Preventing social isolation for new skilled nursing residents
For their safety and the safety of other residents, all new residents in our skilled nursing facilities are separated from others in a private room for 14 days. Our team works very hard to ensure residents don’t feel socially isolated. Rehabilitation services are provided in the resident’s room and our staff rounds frequently for safety and wellness checks. Complimentary tv and phone services are provided and all meals are served in the resident’s room. Our interdisciplinary team includes social workers, psychologists and other mental health professionals who can be engaged to support the resident if needed. Virtual visits with family and friends are encouraged and every effort is made to keep our residents active, involved and connected with our team.

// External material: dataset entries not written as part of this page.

definition moment :: "nat \<Rightarrow> real" where
  "moment j = (\<integral>y. y ^ j \<partial>F)"

lemma moment_0 [simp]: "moment 0 = 1"
  using prob_space by (simp add: moment_def)

lemma integrable_power:
  assumes "j \<le> 2 * k"
  shows "integrable F (\<lambda>x. x ^ j)"
proof (rule Bochner_Integration.integrable_bound)
  show "integrable F (\<lambda>x. 1 + x ^ (2 * k))"
    using integrable_power_2k by simp
  have "\<bar>x\<bar> ^ j \<le> 1 + \<bar>x\<bar> ^ (2 * k)" for x :: real
  proof (cases "\<bar>x\<bar> \<le> 1")
    case True
    then have "\<bar>x\<bar> ^ j \<le> 1" by (simp add: power_le_one)
    then show ?thesis using zero_le_power[of "\<bar>x\<bar>" "2 * k"] by linarith
  next
    case False
    then have "\<bar>x\<bar> ^ j \<le> \<bar>x\<bar> ^ (2 * k)" by (intro power_increasing assms) simp
    then show ?thesis by simp
  qed
  moreover have "x ^ (2 * k) = \<bar>x\<bar> ^ (2 * k)" for x :: real
    by (simp add: power_mult)
  ultimately show "AE x in F. norm (x ^ j) \<le> norm (1 + x ^ (2 * k))"
    by (simp add: power_abs)
qed simp

lemma prob_space_Pi_F: "prob_space (Pi_F m)"
  unfolding Pi_F_def by (intro prob_space_PiM prob_space_axioms)

lemma product_sigma_finite_F: "product_sigma_finite (\<lambda>_::nat. F)"
  unfolding product_sigma_finite_def by (simp add: sigma_finite_measure_axioms)
lemma rho_fun_logderiv:
  fixes w :: "nat \<Rightarrow> nat \<Rightarrow> complex" and \<mu> :: complex and \<beta> x :: real
  assumes summable: "\<And>j. j < M \<Longrightarrow> summable (\<lambda>k. 1 / norm (w (Suc k) j)^2)"
    and nonreal: "\<And>k j. j < M \<Longrightarrow> Im (w (Suc k) j) \<noteq> 0"
    and x: "x > 0" and \<beta>: "\<beta> > 0" and \<mu>: "\<mu> \<noteq> 0"
  shows "deriv (rho_fun \<mu> \<beta> w M) (of_real x) / rho_fun \<mu> \<beta> w M (of_real x)
       = of_real (\<beta> / 2 * (cosh (\<beta> * x / 2) / sinh (\<beta> * x / 2)))
         + (\<Sum>j<M. branch_series (\<lambda>k. w (Suc k) j) (of_real x))"
proof -
  define z0 where "z0 = complex_of_real x"
  define P where "P j z = (\<Prod>k. 1 - (z / w (Suc k) j)^2)" for j z
  define S where "S j = branch_series (\<lambda>k. w (Suc k) j) z0" for j
  have factor: "P j z0 \<noteq> 0" "(P j has_field_derivative - P j z0 * S j) (at z0)" if j: "j < M" for j
  proof -
    have "w (Suc k) j \<noteq> 0" "z0^2 \<noteq> (w (Suc k) j)^2" for k
      using nonreal[OF j, of k] by (auto simp: z0_def power2_eq_iff dest: arg_cong[where f = Im])
    thus "P j z0 \<noteq> 0" "(P j has_field_derivative - P j z0 * S j) (at z0)"
      unfolding P_def S_def using has_field_derivative_branch_product[OF summable[OF j]] by auto
  qed
  have "branch_prod w M = (\<lambda>z. \<Prod>j\<in>{..<M}. P j z)"
    by (simp add: branch_prod_def P_def fun_eq_iff)
  hence Q: "(branch_prod w M has_field_derivative branch_prod w M z0 * (\<Sum>j<M. - S j)) (at z0)"
    using has_field_derivative_prod'[of "{..<M}" P z0 "\<lambda>j. - P j z0 * S j"] factor by simp
  have Q0: "branch_prod w M z0 \<noteq> 0"
    using factor(1) by (simp add: branch_prod_def P_def[symmetric])
  have sinh0: "sinh (of_real \<beta> * z0 / 2) \<noteq> 0"
    using x \<beta> sinh_complex_of_real[of "\<beta> * x / 2"] by (simp add: z0_def)
  have "((\<lambda>z. \<mu> * sinh (of_real \<beta> * z / 2)) has_field_derivative
          \<mu> * (cosh (of_real \<beta> * z0 / 2) * (of_real \<beta> / 2))) (at z0)"
    by (auto intro!: derivative_eq_intros)
  from DERIV_divide[OF this Q Q0]
  have deriv: "deriv (rho_fun \<mu> \<beta> w M) z0 =
      (\<mu> * (cosh (of_real \<beta> * z0 / 2) * (of_real \<beta> / 2)) * branch_prod w M z0
        - \<mu> * sinh (of_real \<beta> * z0 / 2) * (branch_prod w M z0 * (\<Sum>j<M. - S j)))
      / (branch_prod w M z0 * branch_prod w M z0)"
    unfolding rho_fun_def[abs_def] by (rule DERIV_imp_deriv)
  have quotient: "((\<mu> * (c * (b / 2)) * Q - \<mu> * s * (Q * T)) / (Q * Q)) / (\<mu> * s / Q) = b / 2 * (c / s) - T"
    if "Q \<noteq> 0" "s \<noteq> 0" for Q s c b T :: complex
    using that \<mu> by (simp add: field_simps)
  have logderiv: "deriv (rho_fun \<mu> \<beta> w M) z0 / rho_fun \<mu> \<beta> w M z0
      = of_real \<beta> / 2 * (cosh (of_real \<beta> * z0 / 2) / sinh (of_real \<beta> * z0 / 2)) - (\<Sum>j<M. - S j)"
    unfolding deriv rho_fun_def by (rule quotient[OF Q0 sinh0])
  have "of_real \<beta> * z0 / 2 = of_real (\<beta> * x / 2)" by (simp add: z0_def)
  from logderiv[unfolded this sinh_complex_of_real cosh_complex_of_real sum_negf] show ?thesis
    by (simp add: z0_def S_def)
qed
lemma proj_class_eq_imp_smul_pt:
  assumes "proj_class x = proj_class (y :: 'a::field pt)"
  shows "\<exists>l. l \<noteq> 0 \<and> x = smul_pt l y"
proof -
  have "x \<in> proj_class x"
    unfolding proj_class_def by (auto intro!: exI[of _ 1] simp: smul_pt_one)
  with assms show ?thesis unfolding proj_class_def by blast
qed

definition normalized_osculating :: "'a::field pt \<Rightarrow> bool" where
  "normalized_osculating c \<longleftrightarrow> c = (1, 0, 0, 0) \<or> (\<exists>t. c = osc_plane t)"

lemma is_osculating_iff:
  "is_osculating c \<longleftrightarrow> (\<exists>w l. normalized_osculating w \<and> l \<noteq> 0 \<and> c = smul_pt l w)"
proof
  assume "is_osculating c"
  then obtain w where "normalized_osculating w" and "proj_class c = proj_class w"
    unfolding is_osculating_def normalized_osculating_def by blast
  then show "\<exists>w l. normalized_osculating w \<and> l \<noteq> 0 \<and> c = smul_pt l w"
    using proj_class_eq_imp_smul_pt by blast
next
  assume "\<exists>w l. normalized_osculating w \<and> l \<noteq> 0 \<and> c = smul_pt l w"
  then obtain w l where "normalized_osculating w" and "proj_class c = proj_class w"
    using proj_class_smul_pt by blast
  then show "is_osculating c"
    unfolding is_osculating_def normalized_osculating_def by blast
qed

lemma is_osculating_smul_pt:
  "normalized_osculating w \<Longrightarrow> l \<noteq> 0 \<Longrightarrow> is_osculating (smul_pt l w)"
  using is_osculating_iff by blast

lemma is_osculating_smul_pt_iff:
  assumes "l \<noteq> 0"
  shows "is_osculating (smul_pt l c) \<longleftrightarrow> is_osculating (c :: 'a::field pt)"
  unfolding is_osculating_def using proj_class_smul_pt[OF assms] by simp

lemma meet_count_le_3:
  fixes c :: "'a::{field,finite} pt"
  assumes "c \<noteq> (0, 0, 0, 0)"
  shows "meet_count c \<le> 3"
proof -
  obtain c0 c1 c2 c3 where c: "c = (c0, c1, c2, c3)" by (cases c)
  define p where "p = [:c0, c1, c2, c3:]"
  define R where "R = {t. poly p t = 0}"
  have "p \<noteq> 0" using assms unfolding c p_def by auto
  then have R: "card R \<le> degree p" unfolding R_def by (rule card_poly_roots_bound)
  have deg3: "degree p \<le> 3" unfolding p_def
    by (rule degree_le) (auto simp: coeff_pCons split: nat.split)
  have deg2: "degree p \<le> 2" if "c3 = 0"
    unfolding p_def using that
    by (intro degree_le) (auto simp: coeff_pCons split: nat.split)
  define E :: "'a pt set" where "E = (if c3 = 0 then {(0, 0, 0, 1)} else {})"
  have "{P \<in> twisted_cubic. pdot c P = 0} \<subseteq> (\<lambda>t. (1, t, t^2, t^3)) ` R \<union> E"
    unfolding twisted_cubic_def R_def p_def E_def c
    by (auto simp: pdot_def algebra_simps power2_eq_square power3_eq_cube)
  then have "meet_count c \<le> card ((\<lambda>t. (1, t, t^2, t^3)) ` R \<union> E)"
    unfolding meet_count_def by (rule card_mono[rotated]) simp
  also have "\<dots> \<le> card R + card E"
    by (rule order_trans[OF card_Un_le add_mono[OF card_image_le]]) auto
  finally show ?thesis using R deg3 deg2
    unfolding E_def by (auto split: if_splits)
qed

lemma two_le_meet_count:
  assumes "P \<in> twisted_cubic" and "Q \<in> twisted_cubic" and "P \<noteq> Q"
    and "pdot c P = 0" and "pdot c Q = 0"
  shows "2 \<le> meet_count (c :: 'a::{field,finite} pt)"
proof -
  have "card {P, Q} \<le> meet_count c"
    unfolding meet_count_def using assms by (intro card_mono) auto
  with assms(3) show ?thesis by simp
qed

lemma is_osculating_cube_coeffs:
  fixes u v :: "'a::field"
  assumes "u \<noteq> 0 \<or> v \<noteq> 0"
  shows "is_osculating (u^3, 3 * u^2 * v, 3 * u * v^2, v^3)"
proof (cases "v = 0")
  case True
  then have "(u^3, 3 * u^2 * v, 3 * u * v^2, v^3) = smul_pt (u^3) (1, 0, 0, 0)"
    by (simp add: smul_pt_def)
  moreover have "is_osculating (smul_pt (u^3) ((1, 0, 0, 0) :: 'a pt))"
    using True assms by (intro is_osculating_smul_pt) (simp_all add: normalized_osculating_def)
  ultimately show ?thesis by simp
next
  case False
  then have "(u^3, 3 * u^2 * v, 3 * u * v^2, v^3) = smul_pt (v^3) (osc_plane (- u / v))"
    by (simp add: smul_pt_def osc_plane_def field_simps power2_eq_square power3_eq_cube)
  moreover have "is_osculating (smul_pt (v^3) (osc_plane (- u / v)))"
    using False by (intro is_osculating_smul_pt) (auto simp: normalized_osculating_def)
  ultimately show ?thesis by simp
qed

According to The Centers for Disease Control and Prevention (CDC), Coronavirus (COVID-19) is an illness caused by a virus that can spread from person to person. The virus that causes COVID-19 is a new type of coronavirus with symptoms ranging from mild (or no symptoms) to severe illness. Individuals can become infected by coming into close contact (about 6 feet or two arm lengths) with a person who has COVID-19. You can become infected from respiratory droplets when an infected person coughs, sneezes, or talks and you may also be able to get it by touching a surface or object that has the virus on it, and then by touching your mouth, nose, or eyes.
Symptoms of COVID-19 may appear 2-14 days after exposure to the virus and may include:
- Fever or chills
- Shortness of breath or difficulty breathing
- Muscle or body aches
- New loss of taste or smell
- Sore throat
- Congestion or runny nose
- Nausea or vomiting
If you experience any of these symptoms, contact your primary care provider for guidance.